La relación que se ha mantenido con el poeta tiene ahora más de un siglo de testimonios y sirve para explicar actitudes que recorrieron nuestras literaturas a través de muchas de sus figuras. Nos interesa siempre conocer que, después de unos años veinte profundamente antidarianos, surgidos en el contexto global de lo que llamamos vanguardias y en sus protagonistas principales, los decenios siguientes fueron de aceptación y reconocimiento, a veces hasta apasionado, del poeta y prosista. Tantas veces hemos recordado a Jorge Luis Borges, José Lezama Lima, Pedro Salinas, Nicolás Guillén, Octavio Paz, Mario Benedetti, reconociendo a Darío como figura esencial desde posiciones poéticas divergentes. Muchas veces hemos recordado aquella conferencia al alimón que Federico García Lorca y Pablo Neruda dieron en Buenos Aires en 1935, manifestando su pasión daríana.

En otras ocasiones, hemos relatado el debate contemporáneo sobre Rubén que protagonizaron en España, con la participación de otros, Leopoldo Alas Clarín, con su rechazo sistemático; o la distancia atenuada de Miguel de Unamuno, frente a la pasión también a veces alejada de Ramón María del Valle Inclán, o el entusiasmo de Manuel y Antonio Machado, o la exaltación crítica y memorial de Juan Ramón Jiménez que nos dejó aquel libro, Mi Rubén Darío, que sigue siendo un testimonio imprescindible de una relación y una atracción poética.

En este año de centenarios (Cervantes, Shakespeare, Llull, el Garcilaso de la Vega, Rubén Darío?) será inevitable recordarlos a todos.
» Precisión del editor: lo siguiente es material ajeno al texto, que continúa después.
lemma ecdf_deviation_le:
  assumes "0 < m" "0 < \<delta>"
  shows "prob {\<omega> \<in> space M. \<delta> \<le> \<bar>ecdf m \<omega> s - P s\<bar>} \<le> 2 * exp (- 2 * \<delta>\<^sup>2 * m)"
proof -
  define X where "X k \<omega> = (if p k \<omega> \<le> s then 1 else 0 :: real)" for k \<omega>
  have EX: "expectation (X k) = P s" for k
  proof -
    have "expectation (X k) = expectation (indicator {\<omega> \<in> space M. p k \<omega> \<le> s})"
      by (intro Bochner_Integration.integral_cong) (auto simp: X_def indicator_def)
    then show ?thesis by (simp add: p_distr)
  qed
  interpret Hoeffding_ineq M "{1..m}" X "\<lambda>_. 0" "\<lambda>_. 1" "real m * P s"
  proof unfold_locales
    show "indep_vars (\<lambda>_. borel) X {1..m}"
      unfolding X_def by (rule indep_vars_compose2[OF indep_vars_subset[OF p_indep]]) auto
  qed (auto simp: X_def EX)
  have "prob {\<omega> \<in> space M. \<delta> * m \<le> \<bar>(\<Sum>k\<in>{1..m}. X k \<omega>) - real m * P s\<bar>}
      \<le> 2 * exp (- 2 * \<delta>\<^sup>2 * m)"
  proof -
    have "- 2 * (\<delta> * m)\<^sup>2 / m = - 2 * \<delta>\<^sup>2 * m" using assms by (simp add: power2_eq_square)
    then show ?thesis using Hoeffding_ineq_abs_ge[of "\<delta> * m"] assms by (simp del: mult_minus_left)
  qed
  moreover have "\<delta> \<le> \<bar>ecdf m \<omega> s - P s\<bar> \<longleftrightarrow> \<delta> * m \<le> \<bar>(\<Sum>k\<in>{1..m}. X k \<omega>) - real m * P s\<bar>" for \<omega>
    using assms by (simp add: ecdf_def count_le_eq_sum X_def field_simps)
  ultimately show ?thesis by simp
qed

lemma ecdf_deviation_tendsto_0:
  assumes "0 < \<delta>"
  shows "(\<lambda>m. prob {\<omega> \<in> space M. \<delta> \<le> \<bar>ecdf m \<omega> s - P s\<bar>}) \<longlonglongrightarrow> 0"
proof (rule tendsto_sandwich[OF _ _ tendsto_const])
  show "\<forall>\<^sub>F m in sequentially.
      prob {\<omega> \<in> space M. \<delta> \<le> \<bar>ecdf m \<omega> s - P s\<bar>} \<le> 2 * exp (- 2 * \<delta>\<^sup>2 * m)"
    using eventually_gt_at_top[of 0] by eventually_elim (rule ecdf_deviation_le[OF _ assms])
  show "(\<lambda>m. 2 * exp (- 2 * \<delta>\<^sup>2 * real m)) \<longlonglongrightarrow> 0"
    using assms by real_asymp
qed simp

lemma conv_in_prob_if_ecdf_close:
  assumes "\<And>\<epsilon>. 0 < \<epsilon> \<Longrightarrow> \<exists>S \<delta>. finite S \<and> 0 < \<delta> \<and> (\<forall>\<^sub>F m in sequentially. \<forall>\<omega>\<in>space M.
      (\<forall>s\<in>S. \<bar>ecdf m \<omega> s - P s\<bar> < \<delta>) \<longrightarrow> \<bar>X m \<omega> - c\<bar> \<le> \<epsilon>)"
  shows "conv_in_prob M X c"
  unfolding conv_in_prob_def
proof (intro allI impI)
  fix \<epsilon> :: real assume "0 < \<epsilon>"
  then obtain S \<delta> where "finite S" "0 < \<delta>" and close: "\<forall>\<^sub>F m in sequentially. \<forall>\<omega>\<in>space M.
      (\<forall>s\<in>S. \<bar>ecdf m \<omega> s - P s\<bar> < \<delta>) \<longrightarrow> \<bar>X m \<omega> - c\<bar> \<le> \<epsilon>"
    using assms by blast
  show "(\<lambda>m. prob {\<omega> \<in> space M. \<epsilon> < \<bar>X m \<omega> - c\<bar>}) \<longlonglongrightarrow> 0"
  proof (rule prob_tendsto_0_if_finite_cover[where E="\<lambda>s m. {\<omega> \<in> space M. \<delta> \<le> \<bar>ecdf m \<omega> s - P s\<bar>}"])
    show "\<forall>\<^sub>F m in sequentially. {\<omega> \<in> space M. \<epsilon> < \<bar>X m \<omega> - c\<bar>}
        \<subseteq> (\<Union>s\<in>S. {\<omega> \<in> space M. \<delta> \<le> \<bar>ecdf m \<omega> s - P s\<bar>})"
      using close
    proof eventually_elim
      case (elim m)
      show ?case
      proof safe
        fix \<omega> assume "\<omega> \<in> space M" "\<epsilon> < \<bar>X m \<omega> - c\<bar>"
        then have "\<not> (\<forall>s\<in>S. \<bar>ecdf m \<omega> s - P s\<bar> < \<delta>)" using elim by fastforce
        then show "\<omega> \<in> (\<Union>s\<in>S. {\<omega> \<in> space M. \<delta> \<le> \<bar>ecdf m \<omega> s - P s\<bar>})"
          using \<open>\<omega> \<in> space M\<close> by (auto simp: not_less)
      qed
    qed
  qed (use \<open>finite S\<close> \<open>0 < \<delta>\<close> ecdf_deviation_tendsto_0 in auto)
qed

lemma h_alpha_conv_in_prob_0:
  assumes "P \<alpha> = 1"
  shows "conv_in_prob M (\<lambda>m \<omega>. real (h_alpha \<alpha> m (\<lambda>i. p i \<omega>)) / m) 0"
proof -
  have "AE \<omega> in M. p k \<omega> \<le> \<alpha>" for k
    using p_distr[of k \<alpha>] assms by (subst prob_Collect_eq_1[symmetric]) auto
  then have "AE \<omega> in M. \<forall>k. p k \<omega> \<le> \<alpha>" by (simp add: AE_all_countable)
  then have h0: "AE \<omega> in M. h_alpha \<alpha> m (\<lambda>i. p i \<omega>) = 0" for m
    by eventually_elim (simp add: h_alpha_eq_0_if_all_le)
  have "prob {\<omega> \<in> space M. \<epsilon> < \<bar>real (h_alpha \<alpha> m (\<lambda>i. p i \<omega>)) / m - 0\<bar>} = 0" if "0 < \<epsilon>" for \<epsilon> m
    by (rule prob_eq_0_AE, rule eventually_mono[OF h0[of m]]) (use that in simp)
  then show ?thesis by (simp add: conv_in_prob_def)
qed

lemma h_alpha_div_close_if_ecdf_close:
  fixes x0 \<epsilon> :: real and L m :: nat
  assumes "0 < \<alpha>" "P \<alpha> < 1" "0 < \<epsilon>" "0 < L" "1 / L < \<epsilon> * (1 - P \<alpha>) / 8" "0 < m" "1 / m < \<epsilon> / 2"
    and x0: "x0 \<in> {0..<1}" "(1 - P (x0 * \<alpha>)) / (1 - x0) < pi_bar P \<alpha> + \<epsilon> / 3"
    and dev_x0: "\<bar>ecdf m \<omega> (x0 * \<alpha>) - P (x0 * \<alpha>)\<bar> < (1 - x0) * \<epsilon> / 3"
    and dev_grid: "\<And>k. k \<in> {1..L} \<Longrightarrow>
      \<bar>ecdf m \<omega> (real k / L * \<alpha>) - P (real k / L * \<alpha>)\<bar> < \<epsilon> * (1 - P \<alpha>) / 16"
  shows "\<bar>real (h_alpha \<alpha> m (\<lambda>i. p i \<omega>)) / m - pi_bar P \<alpha>\<bar> \<le> \<epsilon>"
proof -
  define \<pi> c where "\<pi> = pi_bar P \<alpha>" and "c = 1 - P \<alpha>"
  have line: "P (x * \<alpha>) \<le> 1 - \<pi> * (1 - x)" if "x \<in> {0..1}" for x
    using pi_bar_le_line[where P=P, OF assms(2) P_le_1 that] by (simp add: \<pi>_def)
  have "\<pi> \<le> 1" using line[of 0] P_nonneg[of 0] by simp
  have below_c: "P (x * \<alpha>) \<le> 1 - c" if "x \<in> {0..1}" for x
    using that assms(1) by (auto simp: c_def mult_left_le_one_le intro!: monoD[OF P_mono])
  have "real (h_alpha \<alpha> m (\<lambda>i. p i \<omega>)) / m < \<pi> + \<epsilon>"
    using assms(1,6) x0 dev_x0 unfolding \<pi>_def ecdf_def by (intro h_alpha_div_less_if_ecdf_close) auto
  moreover have "(\<pi> - \<epsilon>) * m \<le> h_alpha \<alpha> m (\<lambda>i. p i \<omega>)"
  proof (rule h_alpha_ge_if_grid_bound[OF _ _ \<open>0 < \<epsilon>\<close> \<open>\<pi> \<le> 1\<close> \<open>0 < L\<close> _ \<open>0 < m\<close> _ below_c line])
    fix k assume "k \<in> {1..L}"
    then have "ecdf m \<omega> (real k / L * \<alpha>) < P (real k / L * \<alpha>) + \<epsilon> * c / 16"
      using dev_grid unfolding c_def abs_less_iff by fastforce
    then show "real (count_le (\<lambda>i. p i \<omega>) m (real k / L * \<alpha>))
        \<le> (P (real k / L * \<alpha>) + \<epsilon> * c / 16) * m"
      using \<open>0 < m\<close> unfolding ecdf_def by (subst (asm) pos_divide_less_eq) auto
  qed (use assms in \<open>auto simp: c_def\<close>)
  then have "\<pi> - \<epsilon> \<le> real (h_alpha \<alpha> m (\<lambda>i. p i \<omega>)) / m" using \<open>0 < m\<close> by (simp add: le_divide_eq)
  ultimately show ?thesis by (simp add: \<pi>_def)
qed

lemma h_alpha_conv_in_prob_pi_bar:
  assumes "0 < \<alpha>" "P \<alpha> < 1"
  shows "conv_in_prob M (\<lambda>m \<omega>. real (h_alpha \<alpha> m (\<lambda>i. p i \<omega>)) / m) (pi_bar P \<alpha>)"
proof (rule conv_in_prob_if_ecdf_close)
  fix \<epsilon> :: real assume "0 < \<epsilon>"
  define c where "c = 1 - P \<alpha>"
  have "0 < c" using assms by (simp add: c_def)
  obtain x0 where x0: "x0 \<in> {0..<1}" "(1 - P (x0 * \<alpha>)) / (1 - x0) < pi_bar P \<alpha> + \<epsilon> / 3"
    using pi_bar_less_ratio[where P=P, OF assms(2) P_le_1, of "\<epsilon> / 3"] \<open>0 < \<epsilon>\<close> by auto
  obtain L :: nat where "0 < L" "1 / L < \<epsilon> * c / 8"
    using ex_inverse_of_nat_less[of "\<epsilon> * c / 8"] \<open>0 < \<epsilon>\<close> \<open>0 < c\<close> by (auto simp: inverse_eq_divide)
  define \<delta> where "\<delta> = min ((1 - x0) * \<epsilon> / 3) (\<epsilon> * c / 16)"
  define S where "S = insert (x0 * \<alpha>) ((\<lambda>k. real k / L * \<alpha>) ` {1..L})"
  have "\<bar>real (h_alpha \<alpha> m (\<lambda>i. p i \<omega>)) / m - pi_bar P \<alpha>\<bar> \<le> \<epsilon>"
    if "0 < m" "1 / m < \<epsilon> / 2" and dev: "\<forall>s\<in>S. \<bar>ecdf m \<omega> s - P s\<bar> < \<delta>" for m \<omega>
  proof (rule h_alpha_div_close_if_ecdf_close[OF assms \<open>0 < \<epsilon>\<close> \<open>0 < L\<close> _ that(1,2) x0])
    show "\<bar>ecdf m \<omega> (real k / L * \<alpha>) - P (real k / L * \<alpha>)\<bar> < \<epsilon> * (1 - P \<alpha>) / 16"
      if "k \<in> {1..L}" for k
      using dev that unfolding S_def \<delta>_def c_def by fastforce
  qed (use dev \<open>1 / L < \<epsilon> * c / 8\<close> in \<open>auto simp: S_def \<delta>_def c_def\<close>)
  moreover have "\<forall>\<^sub>F m in sequentially. 0 < m \<and> 1 / real m < \<epsilon> / 2"
    using \<open>0 < \<epsilon>\<close> by (intro eventually_conj eventually_gt_at_top order_tendstoD(2)[OF lim_inverse_n']) simp
  moreover have "finite S" "0 < \<delta>" using x0 \<open>0 < \<epsilon>\<close> \<open>0 < c\<close> by (auto simp: S_def \<delta>_def)
  ultimately show "\<exists>S \<delta>. finite S \<and> 0 < \<delta> \<and> (\<forall>\<^sub>F m in sequentially. \<forall>\<omega>\<in>space M.
      (\<forall>s\<in>S. \<bar>ecdf m \<omega> s - P s\<bar> < \<delta>) \<longrightarrow> \<bar>real (h_alpha \<alpha> m (\<lambda>i. p i \<omega>)) / m - pi_bar P \<alpha>\<bar> \<le> \<epsilon>)"
    by (intro exI[of _ S] exI[of _ \<delta>]) (auto elim!: eventually_mono)
qed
Inicié la conmemoración en Madrid hace unos días recordando la pasión cervantina de quien, en proceso complejo que no se puede explicar en pocas líneas, considero el más americano y el más español de los poetas americanos de su tiempo. En la Universidad de Alicante, el Centro de Estudios Iberoamericanos Mario Benedetti (http://web.ua.es/centrobenedetti/) celebrará a comienzos de mayo unas jornadas basadas en textos de Darío que quince especialistas en su obra han elegido y van a comentar. Son sin duda quince textos ya clásicos de nuestra tradición literaria.

Concluyo este recuerdo, que quiere conmemorar ahora sólo los cien años de la muerte, recordando fragmentos de lo que uno de nuestros más grandes poetas, Antonio Machado, escribiera en aquellos días de hace un siglo:

Si era toda en tu verso la

armonía del mundo,/

¿dónde fuiste, Darío, la

armonía a buscar? (:..)/

Que en esta lengua madre la clara historia quede;/

corazones de todas las

Españas, llorad. /

Rubén Darío ha muerto en sus tierras de Oro,/

esta nueva nos vino atravesando el mar.

Pongamos, españoles, en un severo mármol,/

su nombre, flauta y lira, y una inscripción no más: /

Nadie esta lira pulse, si no es el mismo Apolo,/

nadie esta flauta suene, si no es el mismo Pan.

Poema que es sin duda el más dariano de los que no escribió Darío, el más triste y el más bello.